YOUR GOAL – Exactly as given, transcribe each entry that follows.

__________________________________________________

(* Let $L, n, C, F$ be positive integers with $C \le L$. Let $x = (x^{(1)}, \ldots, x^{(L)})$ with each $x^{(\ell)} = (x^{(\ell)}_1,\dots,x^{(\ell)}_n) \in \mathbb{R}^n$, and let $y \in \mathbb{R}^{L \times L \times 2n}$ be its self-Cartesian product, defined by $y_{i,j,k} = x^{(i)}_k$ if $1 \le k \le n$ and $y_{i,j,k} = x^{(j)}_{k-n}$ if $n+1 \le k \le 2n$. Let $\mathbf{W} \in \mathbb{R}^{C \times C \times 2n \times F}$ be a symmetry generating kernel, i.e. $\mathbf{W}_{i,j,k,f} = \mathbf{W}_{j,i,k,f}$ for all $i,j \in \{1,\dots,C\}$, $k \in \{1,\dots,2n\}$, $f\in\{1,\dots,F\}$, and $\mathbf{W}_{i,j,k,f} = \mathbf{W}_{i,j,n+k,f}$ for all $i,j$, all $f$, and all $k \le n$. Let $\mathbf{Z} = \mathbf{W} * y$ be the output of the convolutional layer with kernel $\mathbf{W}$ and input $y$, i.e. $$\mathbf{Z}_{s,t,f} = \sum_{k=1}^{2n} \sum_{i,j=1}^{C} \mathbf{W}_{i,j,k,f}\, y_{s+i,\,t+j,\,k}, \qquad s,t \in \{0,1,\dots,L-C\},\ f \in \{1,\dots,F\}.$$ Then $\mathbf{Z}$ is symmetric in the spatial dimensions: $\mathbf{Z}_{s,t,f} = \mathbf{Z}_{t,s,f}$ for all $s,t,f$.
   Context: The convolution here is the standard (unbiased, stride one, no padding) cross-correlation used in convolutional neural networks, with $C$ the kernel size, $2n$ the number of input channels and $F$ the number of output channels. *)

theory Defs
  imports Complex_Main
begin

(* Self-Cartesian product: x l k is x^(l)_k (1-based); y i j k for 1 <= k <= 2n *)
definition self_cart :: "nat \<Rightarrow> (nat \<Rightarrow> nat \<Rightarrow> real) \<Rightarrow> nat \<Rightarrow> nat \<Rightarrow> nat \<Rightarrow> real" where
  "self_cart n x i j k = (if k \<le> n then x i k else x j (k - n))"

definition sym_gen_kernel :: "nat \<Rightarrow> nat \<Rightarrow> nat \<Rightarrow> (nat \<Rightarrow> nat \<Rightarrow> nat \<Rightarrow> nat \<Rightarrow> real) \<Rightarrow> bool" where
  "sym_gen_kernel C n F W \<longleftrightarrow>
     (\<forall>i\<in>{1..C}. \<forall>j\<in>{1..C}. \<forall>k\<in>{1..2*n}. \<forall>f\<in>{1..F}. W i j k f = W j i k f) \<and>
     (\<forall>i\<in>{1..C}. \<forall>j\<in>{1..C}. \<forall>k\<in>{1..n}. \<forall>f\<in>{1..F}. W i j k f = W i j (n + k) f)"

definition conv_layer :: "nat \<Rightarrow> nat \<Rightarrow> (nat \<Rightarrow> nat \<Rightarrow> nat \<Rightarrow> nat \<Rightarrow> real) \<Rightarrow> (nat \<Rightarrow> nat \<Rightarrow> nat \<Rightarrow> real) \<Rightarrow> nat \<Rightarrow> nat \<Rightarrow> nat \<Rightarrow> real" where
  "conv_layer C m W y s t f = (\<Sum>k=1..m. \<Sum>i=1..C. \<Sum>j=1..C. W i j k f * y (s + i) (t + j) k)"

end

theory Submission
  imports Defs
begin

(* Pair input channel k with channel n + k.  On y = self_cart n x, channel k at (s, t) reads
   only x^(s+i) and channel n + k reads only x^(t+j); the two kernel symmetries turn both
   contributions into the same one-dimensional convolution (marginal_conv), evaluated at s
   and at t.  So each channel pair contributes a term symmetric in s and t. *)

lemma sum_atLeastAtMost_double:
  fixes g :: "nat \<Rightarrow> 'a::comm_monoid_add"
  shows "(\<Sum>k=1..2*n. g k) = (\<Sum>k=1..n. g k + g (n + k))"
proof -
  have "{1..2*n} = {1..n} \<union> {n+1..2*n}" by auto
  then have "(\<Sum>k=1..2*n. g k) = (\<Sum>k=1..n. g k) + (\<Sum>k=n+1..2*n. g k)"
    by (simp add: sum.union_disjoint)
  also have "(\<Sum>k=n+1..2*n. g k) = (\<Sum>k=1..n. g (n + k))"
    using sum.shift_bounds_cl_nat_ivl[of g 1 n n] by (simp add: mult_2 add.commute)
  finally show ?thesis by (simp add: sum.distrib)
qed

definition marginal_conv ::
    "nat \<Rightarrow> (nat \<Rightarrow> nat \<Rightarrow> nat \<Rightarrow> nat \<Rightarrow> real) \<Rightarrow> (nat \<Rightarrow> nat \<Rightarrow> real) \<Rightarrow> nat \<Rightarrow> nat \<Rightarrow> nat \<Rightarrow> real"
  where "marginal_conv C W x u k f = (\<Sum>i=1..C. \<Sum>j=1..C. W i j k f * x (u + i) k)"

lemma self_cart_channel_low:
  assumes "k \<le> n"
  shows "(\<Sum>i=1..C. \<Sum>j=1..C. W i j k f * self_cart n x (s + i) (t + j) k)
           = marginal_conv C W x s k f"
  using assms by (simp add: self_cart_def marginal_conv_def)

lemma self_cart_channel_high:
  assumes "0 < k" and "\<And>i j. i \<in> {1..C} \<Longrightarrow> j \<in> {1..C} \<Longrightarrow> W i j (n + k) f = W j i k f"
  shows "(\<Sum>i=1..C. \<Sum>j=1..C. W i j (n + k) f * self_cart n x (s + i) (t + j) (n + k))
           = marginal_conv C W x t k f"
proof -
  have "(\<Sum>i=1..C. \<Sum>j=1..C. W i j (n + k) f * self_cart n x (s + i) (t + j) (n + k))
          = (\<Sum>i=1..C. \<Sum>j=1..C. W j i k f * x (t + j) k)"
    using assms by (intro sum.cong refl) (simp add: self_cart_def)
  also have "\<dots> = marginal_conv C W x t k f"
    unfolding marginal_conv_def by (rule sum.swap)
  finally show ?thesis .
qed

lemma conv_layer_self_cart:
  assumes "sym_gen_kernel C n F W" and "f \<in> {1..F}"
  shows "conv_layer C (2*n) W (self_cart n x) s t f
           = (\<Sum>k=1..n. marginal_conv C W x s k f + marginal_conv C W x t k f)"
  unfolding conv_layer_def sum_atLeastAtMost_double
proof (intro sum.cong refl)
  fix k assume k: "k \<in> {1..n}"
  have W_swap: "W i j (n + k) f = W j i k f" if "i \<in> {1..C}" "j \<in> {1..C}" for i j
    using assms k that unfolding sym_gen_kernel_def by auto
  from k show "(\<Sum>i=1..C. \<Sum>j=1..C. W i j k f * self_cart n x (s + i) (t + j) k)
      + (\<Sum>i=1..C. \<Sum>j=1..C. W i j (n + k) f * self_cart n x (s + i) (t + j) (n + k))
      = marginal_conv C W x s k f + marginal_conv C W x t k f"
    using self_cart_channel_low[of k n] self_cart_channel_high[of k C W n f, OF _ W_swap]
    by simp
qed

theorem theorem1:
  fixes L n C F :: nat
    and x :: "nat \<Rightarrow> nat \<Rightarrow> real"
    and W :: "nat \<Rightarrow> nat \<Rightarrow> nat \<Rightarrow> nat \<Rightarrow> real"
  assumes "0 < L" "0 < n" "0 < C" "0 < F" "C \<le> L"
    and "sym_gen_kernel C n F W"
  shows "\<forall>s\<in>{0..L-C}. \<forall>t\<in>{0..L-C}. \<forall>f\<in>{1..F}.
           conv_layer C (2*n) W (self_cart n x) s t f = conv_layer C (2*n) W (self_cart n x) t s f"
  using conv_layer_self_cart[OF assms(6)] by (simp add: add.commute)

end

__________________________________________________

ANSWER FOR THE TASK –
(* Let $L, n, C, F$ be positive integers with $C \le L$. Let $x = (x^{(1)}, \ldots, x^{(L)})$ with each $x^{(\ell)} = (x^{(\ell)}_1,\dots,x^{(\ell)}_n) \in \mathbb{R}^n$, and let $y \in \mathbb{R}^{L \times L \times 2n}$ be its self-Cartesian product, defined by $y_{i,j,k} = x^{(i)}_k$ if $1 \le k \le n$ and $y_{i,j,k} = x^{(j)}_{k-n}$ if $n+1 \le k \le 2n$. Let $\mathbf{W} \in \mathbb{R}^{C \times C \times 2n \times F}$ be a symmetry generating kernel, i.e. $\mathbf{W}_{i,j,k,f} = \mathbf{W}_{j,i,k,f}$ for all $i,j \in \{1,\dots,C\}$, $k \in \{1,\dots,2n\}$, $f\in\{1,\dots,F\}$, and $\mathbf{W}_{i,j,k,f} = \mathbf{W}_{i,j,n+k,f}$ for all $i,j$, all $f$, and all $k \le n$. Let $\mathbf{Z} = \mathbf{W} * y$ be the output of the convolutional layer with kernel $\mathbf{W}$ and input $y$, i.e. $$\mathbf{Z}_{s,t,f} = \sum_{k=1}^{2n} \sum_{i,j=1}^{C} \mathbf{W}_{i,j,k,f}\, y_{s+i,\,t+j,\,k}, \qquad s,t \in \{0,1,\dots,L-C\},\ f \in \{1,\dots,F\}.$$ Then $\mathbf{Z}$ is symmetric in the spatial dimensions: $\mathbf{Z}_{s,t,f} = \mathbf{Z}_{t,s,f}$ for all $s,t,f$.
   Context: The convolution here is the standard (unbiased, stride one, no padding) cross-correlation used in convolutional neural networks, with $C$ the kernel size, $2n$ the number of input channels and $F$ the number of output channels. *)

theory Defs
  imports Complex_Main
begin

(* Self-Cartesian product: x l k is x^(l)_k (1-based); y i j k for 1 <= k <= 2n *)
definition self_cart :: "nat \<Rightarrow> (nat \<Rightarrow> nat \<Rightarrow> real) \<Rightarrow> nat \<Rightarrow> nat \<Rightarrow> nat \<Rightarrow> real" where
  "self_cart n x i j k = (if k \<le> n then x i k else x j (k - n))"

definition sym_gen_kernel :: "nat \<Rightarrow> nat \<Rightarrow> nat \<Rightarrow> (nat \<Rightarrow> nat \<Rightarrow> nat \<Rightarrow> nat \<Rightarrow> real) \<Rightarrow> bool" where
  "sym_gen_kernel C n F W \<longleftrightarrow>
     (\<forall>i\<in>{1..C}. \<forall>j\<in>{1..C}. \<forall>k\<in>{1..2*n}. \<forall>f\<in>{1..F}. W i j k f = W j i k f) \<and>
     (\<forall>i\<in>{1..C}. \<forall>j\<in>{1..C}. \<forall>k\<in>{1..n}. \<forall>f\<in>{1..F}. W i j k f = W i j (n + k) f)"

definition conv_layer :: "nat \<Rightarrow> nat \<Rightarrow> (nat \<Rightarrow> nat \<Rightarrow> nat \<Rightarrow> nat \<Rightarrow> real) \<Rightarrow> (nat \<Rightarrow> nat \<Rightarrow> nat \<Rightarrow> real) \<Rightarrow> nat \<Rightarrow> nat \<Rightarrow> nat \<Rightarrow> real" where
  "conv_layer C m W y s t f = (\<Sum>k=1..m. \<Sum>i=1..C. \<Sum>j=1..C. W i j k f * y (s + i) (t + j) k)"

end

theory Submission
  imports Defs
begin

(* Pair input channel k with channel n + k.  On y = self_cart n x, channel k at (s, t) reads
   only x^(s+i) and channel n + k reads only x^(t+j); the two kernel symmetries turn both
   contributions into the same one-dimensional convolution (marginal_conv), evaluated at s
   and at t.  So each channel pair contributes a term symmetric in s and t. *)

lemma sum_atLeastAtMost_double:
  fixes g :: "nat \<Rightarrow> 'a::comm_monoid_add"
  shows "(\<Sum>k=1..2*n. g k) = (\<Sum>k=1..n. g k + g (n + k))"
proof -
  have "{1..2*n} = {1..n} \<union> {n+1..2*n}" by auto
  then have "(\<Sum>k=1..2*n. g k) = (\<Sum>k=1..n. g k) + (\<Sum>k=n+1..2*n. g k)"
    by (simp add: sum.union_disjoint)
  also have "(\<Sum>k=n+1..2*n. g k) = (\<Sum>k=1..n. g (n + k))"
    using sum.shift_bounds_cl_nat_ivl[of g 1 n n] by (simp add: mult_2 add.commute)
  finally show ?thesis by (simp add: sum.distrib)
qed

definition marginal_conv ::
    "nat \<Rightarrow> (nat \<Rightarrow> nat \<Rightarrow> nat \<Rightarrow> nat \<Rightarrow> real) \<Rightarrow> (nat \<Rightarrow> nat \<Rightarrow> real) \<Rightarrow> nat \<Rightarrow> nat \<Rightarrow> nat \<Rightarrow> real"
  where "marginal_conv C W x u k f = (\<Sum>i=1..C. \<Sum>j=1..C. W i j k f * x (u + i) k)"

lemma self_cart_channel_low:
  assumes "k \<le> n"
  shows "(\<Sum>i=1..C. \<Sum>j=1..C. W i j k f * self_cart n x (s + i) (t + j) k)
           = marginal_conv C W x s k f"
  using assms by (simp add: self_cart_def marginal_conv_def)

lemma self_cart_channel_high:
  assumes "0 < k" and "\<And>i j. i \<in> {1..C} \<Longrightarrow> j \<in> {1..C} \<Longrightarrow> W i j (n + k) f = W j i k f"
  shows "(\<Sum>i=1..C. \<Sum>j=1..C. W i j (n + k) f * self_cart n x (s + i) (t + j) (n + k))
           = marginal_conv C W x t k f"
proof -
  have "(\<Sum>i=1..C. \<Sum>j=1..C. W i j (n + k) f * self_cart n x (s + i) (t + j) (n + k))
          = (\<Sum>i=1..C. \<Sum>j=1..C. W j i k f * x (t + j) k)"
    using assms by (intro sum.cong refl) (simp add: self_cart_def)
  also have "\<dots> = marginal_conv C W x t k f"
    unfolding marginal_conv_def by (rule sum.swap)
  finally show ?thesis .
qed

lemma conv_layer_self_cart:
  assumes "sym_gen_kernel C n F W" and "f \<in> {1..F}"
  shows "conv_layer C (2*n) W (self_cart n x) s t f
           = (\<Sum>k=1..n. marginal_conv C W x s k f + marginal_conv C W x t k f)"
  unfolding conv_layer_def sum_atLeastAtMost_double
proof (intro sum.cong refl)
  fix k assume k: "k \<in> {1..n}"
  have W_swap: "W i j (n + k) f = W j i k f" if "i \<in> {1..C}" "j \<in> {1..C}" for i j
    using assms k that unfolding sym_gen_kernel_def by auto
  from k show "(\<Sum>i=1..C. \<Sum>j=1..C. W i j k f * self_cart n x (s + i) (t + j) k)
      + (\<Sum>i=1..C. \<Sum>j=1..C. W i j (n + k) f * self_cart n x (s + i) (t + j) (n + k))
      = marginal_conv C W x s k f + marginal_conv C W x t k f"
    using self_cart_channel_low[of k n] self_cart_channel_high[of k C W n f, OF _ W_swap]
    by simp
qed

theorem theorem1:
  fixes L n C F :: nat
    and x :: "nat \<Rightarrow> nat \<Rightarrow> real"
    and W :: "nat \<Rightarrow> nat \<Rightarrow> nat \<Rightarrow> nat \<Rightarrow> real"
  assumes "0 < L" "0 < n" "0 < C" "0 < F" "C \<le> L"
    and "sym_gen_kernel C n F W"
  shows "\<forall>s\<in>{0..L-C}. \<forall>t\<in>{0..L-C}. \<forall>f\<in>{1..F}.
           conv_layer C (2*n) W (self_cart n x) s t f = conv_layer C (2*n) W (self_cart n x) t s f"
  using conv_layer_self_cart[OF assms(6)] by (simp add: add.commute)

end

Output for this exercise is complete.